A responsabilização dos golpistas é um passo decisivo para virar a página da impunidade e reafirmar a força das instituições e da democracia brasileira

Julgamento do núcleo 1 da trama golpista (Foto: Antonio Augusto/STF)

A tentativa de golpe de Estado de 8 de janeiro de 2023, quando bolsonaristas invadiram e depredaram as sedes dos Três Poderes em Brasília, foi um dos ataques mais graves à ordem constitucional desde a redemocratização. Não se tratou de um ato isolado, mas do ápice de um processo de corrosão democrática, alimentado por desinformação em massa, ataques ao sistema eleitoral, radicalização ideológica e apelos explícitos à ruptura institucional. No dia de hoje, com o início do julgamento do núcleo central dos golpistas — incluindo o ex-presidente Jair Bolsonaro e sete de seus aliados mais próximos — pela Primeira Turma do Supremo Tribunal Federal, o país chega a um ponto decisivo para o futuro da democracia. A ação penal, que acusa os réus de crimes como tentativa de golpe de Estado, organização criminosa armada e abolição violenta do Estado Democrático de Direito, não busca apenas punir indivíduos, mas reafirmar os pilares do Estado Democrático de Direito e impedir que o Brasil reviva ciclos autoritários que sempre marcaram a história da região.

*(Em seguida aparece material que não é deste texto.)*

(* Let $G$ be a multiplicatively written Abelian group with identity $e$, let $\phi$ be a height on $G$, fix $\alpha\in G$, and let $t\in(0,\infty]$. The following three conditions are equivalent: (i) The infimum in the definition of $\phi_t(\alpha)$ is attained, i.e. there exists $(\alpha_1,\alpha_2,\ldots)\in G^\infty$ with $\tau_G(\alpha_1,\alpha_2,\ldots)=\alpha$ and $\phi_t(\alpha)=\|(\phi(\alpha_1),\phi(\alpha_2),\ldots)\|_t$. (ii) There exists a finite set $R\subseteq G$ (containing $e$) that replaces $G$ at $t$. (iii) There exists a set $S\subseteq G$ (containing $e$) with $\phi(S)$ finite that replaces $G$ at $t$.
   Context: A height on an Abelian group $G$ is a map $\phi:G\to[0,\infty)$ with $\phi(e)=0$ and $\phi(\beta)=\phi(\beta^{-1})$ for all $\beta\in G$. For a subset $S\subseteq G$ containing $e$, $S^\infty$ denotes the set of sequences $(\alpha_1,\alpha_2,\ldots)$ with all $\alpha_n\in S$ and $\alpha_n=e$ for all but finitely many $n$. The map $\tau_G:G^\infty\to G$ is $\tau_G(\alpha_1,\alpha_2,\ldots)=\prod_{n\ge1}\alpha_n$. $\mathbb R^\infty$ denotes the set of real sequences with only finitely many nonzero entries; for $\mathbf x=(x_1,x_2,\ldots)\in\mathbb R^\infty$, $\|\mathbf x\|_t=(\sum_n|x_n|^t)^{1/t}$ for $t\in(0,\infty)$ and $\|\mathbf x\|_\infty=\max_n|x_n|$. The $t$-metric version of $\phi$ is $\phi_t(\alpha)=\inf\{\|(\phi(\alpha_1),\phi(\alpha_2),\ldots)\|_t : (\alpha_1,\alpha_2,\ldots)\in G^\infty,\ \tau_G(\alpha_1,\alpha_2,\ldots)=\alpha\}$. A set $S\subseteq G$ containing $e$ replaces $G$ at $t$ (for the fixed $\alpha$) if $\phi_t(\alpha)=\inf\{\|(\phi(\alpha_1),\phi(\alpha_2),\ldots)\|_t:(\alpha_1,\alpha_2,\ldots)\in S^\infty,\ \tau_G(\alpha_1,\alpha_2,\ldots)=\alpha\}$. *)

theory Defs
  imports "HOL-Analysis.Analysis"
begin

text \<open>The Abelian group G is written additively as a type of class ab_group_add
  (identity 0, inverse uminus, product = sum). Sequences are indexed by nat.\<close>

definition height :: "('a::ab_group_add \<Rightarrow> real) \<Rightarrow> bool" where
  "height \<phi> \<longleftrightarrow> (\<forall>x. \<phi> x \<ge> 0) \<and> \<phi> 0 = 0 \<and> (\<forall>x. \<phi> (- x) = \<phi> x)"

definition fin_seqs :: "'a::ab_group_add set \<Rightarrow> (nat \<Rightarrow> 'a) set" where
  "fin_seqs S = {a. (\<forall>n. a n \<in> S) \<and> finite {n. a n \<noteq> 0}}"

definition tau :: "(nat \<Rightarrow> 'a::ab_group_add) \<Rightarrow> 'a" where
  "tau a = (\<Sum>n\<in>{n. a n \<noteq> 0}. a n)"

definition tnorm :: "ereal \<Rightarrow> (nat \<Rightarrow> real) \<Rightarrow> real" where
  "tnorm t x = (if t = \<infinity> then Sup (range (\<lambda>n. \<bar>x n\<bar>))
     else (\<Sum>n\<in>{n. x n \<noteq> 0}. \<bar>x n\<bar> powr real_of_ereal t) powr (1 / real_of_ereal t))"

text \<open>Infimum of t-norms over representations of alpha by elements of S
  (taken in the extended reals, so that the infimum of the empty set is infinity).\<close>
definition inf_rep :: "('a::ab_group_add \<Rightarrow> real) \<Rightarrow> ereal \<Rightarrow> 'a set \<Rightarrow> 'a \<Rightarrow> ereal" where
  "inf_rep \<phi> t S \<alpha> = Inf {ereal (tnorm t (\<phi> \<circ> a)) | a. a \<in> fin_seqs S \<and> tau a = \<alpha>}"

definition phi_t :: "('a::ab_group_add \<Rightarrow> real) \<Rightarrow> ereal \<Rightarrow> 'a \<Rightarrow> ereal" where
  "phi_t \<phi> t \<alpha> = inf_rep \<phi> t UNIV \<alpha>"

definition replaces :: "('a::ab_group_add \<Rightarrow> real) \<Rightarrow> ereal \<Rightarrow> 'a \<Rightarrow> 'a set \<Rightarrow> bool" where
  "replaces \<phi> t \<alpha> S \<longleftrightarrow> 0 \<in> S \<and> phi_t \<phi> t \<alpha> = inf_rep \<phi> t S \<alpha>"

end

theory Submission
  imports Defs
begin

(* (i) => (ii): the entries of an optimal representation, together with 0, form a
   finite set R; restricting to R can only raise the infimum, and the optimal
   representation shows it does not.  (ii) => (iii) is trivial.
   (iii) => (i) is the real content: if phi(S) is finite, then below any bound there
   are only finitely many values of t-norms of sequences in S^infinity.  For t = infinity
   every such value lies in |phi(S)|; for finite t its t-th power is a sum of elements
   of the finite set of positive numbers |phi(s)|^t, and bounded sums of elements
   bounded below by a positive constant have boundedly many terms.  A nonempty set
   of reals with finite truncations attains its infimum, so the infimum over S is
   attained, and since S replaces G this representation is optimal for phi_t. *)

lemma finite_sums_card:
  fixes P :: "'b::comm_monoid_add set"
  assumes "finite P"
  shows "finite {sum g F | (g::'i \<Rightarrow> 'b) F. finite F \<and> card F = k \<and> g ` F \<subseteq> P}"
proof (induction k)
  case 0
  have "{sum g F | (g::'i \<Rightarrow> 'b) F. finite F \<and> card F = 0 \<and> g ` F \<subseteq> P} \<subseteq> {0}" by auto
  then show ?case using finite_subset by blast
next
  case (Suc k)
  let ?A = "{sum g F | (g::'i \<Rightarrow> 'b) F. finite F \<and> card F = k \<and> g ` F \<subseteq> P}"
  have "{sum g F | (g::'i \<Rightarrow> 'b) F. finite F \<and> card F = Suc k \<and> g ` F \<subseteq> P}
        \<subseteq> (\<lambda>(p, s). p + s) ` (P \<times> ?A)"
  proof
    fix y assume "y \<in> {sum g F | (g::'i \<Rightarrow> 'b) F. finite F \<and> card F = Suc k \<and> g ` F \<subseteq> P}"
    then obtain g :: "'i \<Rightarrow> 'b" and F
      where y: "y = sum g F" "finite F" "card F = Suc k" "g ` F \<subseteq> P" by blast
    then obtain x F' where F: "F = insert x F'" "x \<notin> F'" "card F' = k"
      unfolding card_Suc_eq by blast
    then have "finite F'" using y(2) by simp
    have "y = (\<lambda>(p, s). p + s) (g x, sum g F')" using y F \<open>finite F'\<close> by simp
    moreover have "g x \<in> P" using y F by auto
    moreover have "sum g F' \<in> ?A" using \<open>finite F'\<close> F y by auto
    ultimately show "y \<in> (\<lambda>(p, s). p + s) ` (P \<times> ?A)" by blast
  qed
  moreover have "finite ((\<lambda>(p, s). p + s) ` (P \<times> ?A))" using assms Suc.IH by simp
  ultimately show ?case by (rule finite_subset)
qed

text \<open>If all summands are at least m > 0, a sum bounded by C has at most C/m terms,
  so there are only finitely many such sums.\<close>
lemma finite_sums_bounded:
  fixes P :: "real set"
  assumes "finite P" and lower: "\<And>p. p \<in> P \<Longrightarrow> m \<le> p" and "0 < m"
  shows "finite {sum g F | (g::'i \<Rightarrow> real) F. finite F \<and> g ` F \<subseteq> P \<and> sum g F \<le> C}"
proof -
  have "{sum g F | (g::'i \<Rightarrow> real) F. finite F \<and> g ` F \<subseteq> P \<and> sum g F \<le> C}
     \<subseteq> (\<Union>k\<le>nat \<lceil>C / m\<rceil>. {sum g F | (g::'i \<Rightarrow> real) F. finite F \<and> card F = k \<and> g ` F \<subseteq> P})"
  proof
    fix y assume "y \<in> {sum g F | (g::'i \<Rightarrow> real) F. finite F \<and> g ` F \<subseteq> P \<and> sum g F \<le> C}"
    then obtain g :: "'i \<Rightarrow> real" and F
      where y: "y = sum g F" "finite F" "g ` F \<subseteq> P" "sum g F \<le> C" by blast
    have "real (card F) * m \<le> sum g F" using sum_bounded_below[of F m g] y lower by auto
    then have "real (card F) \<le> C / m" using y \<open>0 < m\<close> by (simp add: field_simps)
    then have "card F \<le> nat \<lceil>C / m\<rceil>" by linarith
    then show "y \<in> (\<Union>k\<le>nat \<lceil>C / m\<rceil>. {sum g F | (g::'i \<Rightarrow> real) F. finite F \<and> card F = k \<and> g ` F \<subseteq> P})"
      using y by blast
  qed
  then show ?thesis by (rule finite_subset) (auto intro: finite_sums_card assms)
qed

lemma sup_norm_in_heights:
  assumes "finite (\<phi> ` S)" and "a \<in> fin_seqs S"
  shows "tnorm \<infinity> (\<phi> \<circ> a) \<in> abs ` \<phi> ` S"
proof -
  let ?V = "range (\<lambda>n. \<bar>\<phi> (a n)\<bar>)"
  have V: "?V \<subseteq> abs ` \<phi> ` S" using assms(2) by (auto simp: fin_seqs_def)
  then have "finite ?V" using assms(1) finite_subset by blast
  then have "Sup ?V \<in> ?V" using cSup_eq_Max Max_in by (metis UNIV_not_empty image_is_empty)
  then show ?thesis using V by (auto simp: tnorm_def)
qed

A memória do 8 de janeiro remete inevitavelmente aos legados da ditadura militar (1964-1985), instaurada por um golpe civil-militar que suprimiu liberdades e institucionalizou a violência estatal. Como lembram as historiadoras Lilia Moritz Schwarcz e Ynaê Lopes dos Santos, o país carrega uma tradição autoritária que nasce no período colonial e escravocrata e se perpetua em práticas negacionistas e na impunidade seletiva. O bolsonarismo, ao glorificar torturadores e relativizar violações de direitos humanos, apenas atualizou esses mecanismos para o século XXI, utilizando redes sociais e alianças internacionais para ampliar seu alcance. A invasão de 2023, com prejuízos gigantescos e afronta direta à soberania popular, ecoa 1964 — mas, desta vez, o ataque se deu em uma democracia consolidada, o que torna a resposta institucional ainda mais urgente.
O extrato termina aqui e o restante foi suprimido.